Research, Experimentation & Continuous Improvement
- Stay current on emerging AI threats, attack techniques, and defensive controls.
- Design and execute proofs of concept (POCs) to evaluate new AI security tools, detection techniques, and operational workflows.
- Continuously improve AI security operations through automation, tooling integration, and process refinement.
Qualifications
- Bachelor’s or Master’s degree in Computer Science, Information Security, Engineering, or a related field.
- Strong experience in information security engineering or operations, with hands‑on exposure to AI/ML systems and associated security risks.
- Practical experience working with or evaluating AI security tools, such as red team testing, guardrails, model evaluation, or AI‑SPM platforms.
- Proven experience implementing defensive controls to mitigate OWASP Top 10 for LLM applications.
- Proven ability to assess, test, and operationalize security controls for complex, distributed systems.
- Strong analytical and problem‑solving skills, with the ability to interpret tool output and translate findings into remediation actions.

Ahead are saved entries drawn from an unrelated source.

lemma twice_card_minimal_generating_set_le:
  assumes "minimal_generating_set G S T"
  shows "2 * card S \<le> 3 * n + 2"
proof -
  interpret grid_independent n "pullback S"
    "\<lambda>s. pullback (generated_ts G (S - {map_prod subgroup_at subgroup_at s}))"
    using assms by (rule grid_independent_pullback)
  have "card (pullback S) = card S"
    using assms card_pullback unfolding minimal_generating_set_def by blast
  then show ?thesis
    using twice_card_le by simp
qed

end

theorem corollary6p4:
  fixes G :: "('a, 'b) monoid_scheme" and p q n :: nat
    and S T :: "('a set \<times> 'a set) set"
  assumes "group G" and "cyclic_group G"
    and "prime p" and "prime q" and "p \<noteq> q" and "n \<ge> 1"
    and "order G = p ^ n * q"
    and "transfer_system G T"
    and "minimal_generating_set G S T"
  shows "(\<forall>k. n = 2 * k \<longrightarrow> card S \<le> 3 * k + 1) \<and>
         (\<forall>k. n = 2 * k + 1 \<longrightarrow> card S \<le> 3 * k + 2)"
proof -
  interpret group G
    by fact
  have "finite (carrier G)"
    using assms(3,4,7) order_gt_0_iff_finite by (simp add: prime_gt_0_nat)
  then interpret cyclic_pnq_group G p q n
    using assms by unfold_locales auto
  have "2 * card S \<le> 3 * n + 2"
    using assms(9) by (rule twice_card_minimal_generating_set_le)
  then show ?thesis
    by auto
qed

end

- Excellent technical communication and collaboration skills to work effectively across engineering, data, and risk teams.
- Relevant certifications such as CISSP, GIAC, CEH, OSCP, or cloud security certifications are highly desirable.
This role aligns to the NICE Cybersecurity Workforce Framework, with primary alignment to Security Control Assessment, Secure Systems Development, Cybersecurity Architecture, Systems Security Management, and Incident Response work roles.
Corporate Security Responsibility
All activities involving access to Mastercard assets, information, and networks comes with an inherent risk to the organization and, therefore, it is expected that every person working for, or on behalf of, Mastercard is responsible for information security and must:
Abide by Mastercard’s security policies and practices;
Ensure the confidentiality and integrity of the information being accessed;
Report any suspected information security violation or breach, and
Complete all periodic mandatory security trainings in accordance with Mastercard’s guidelines.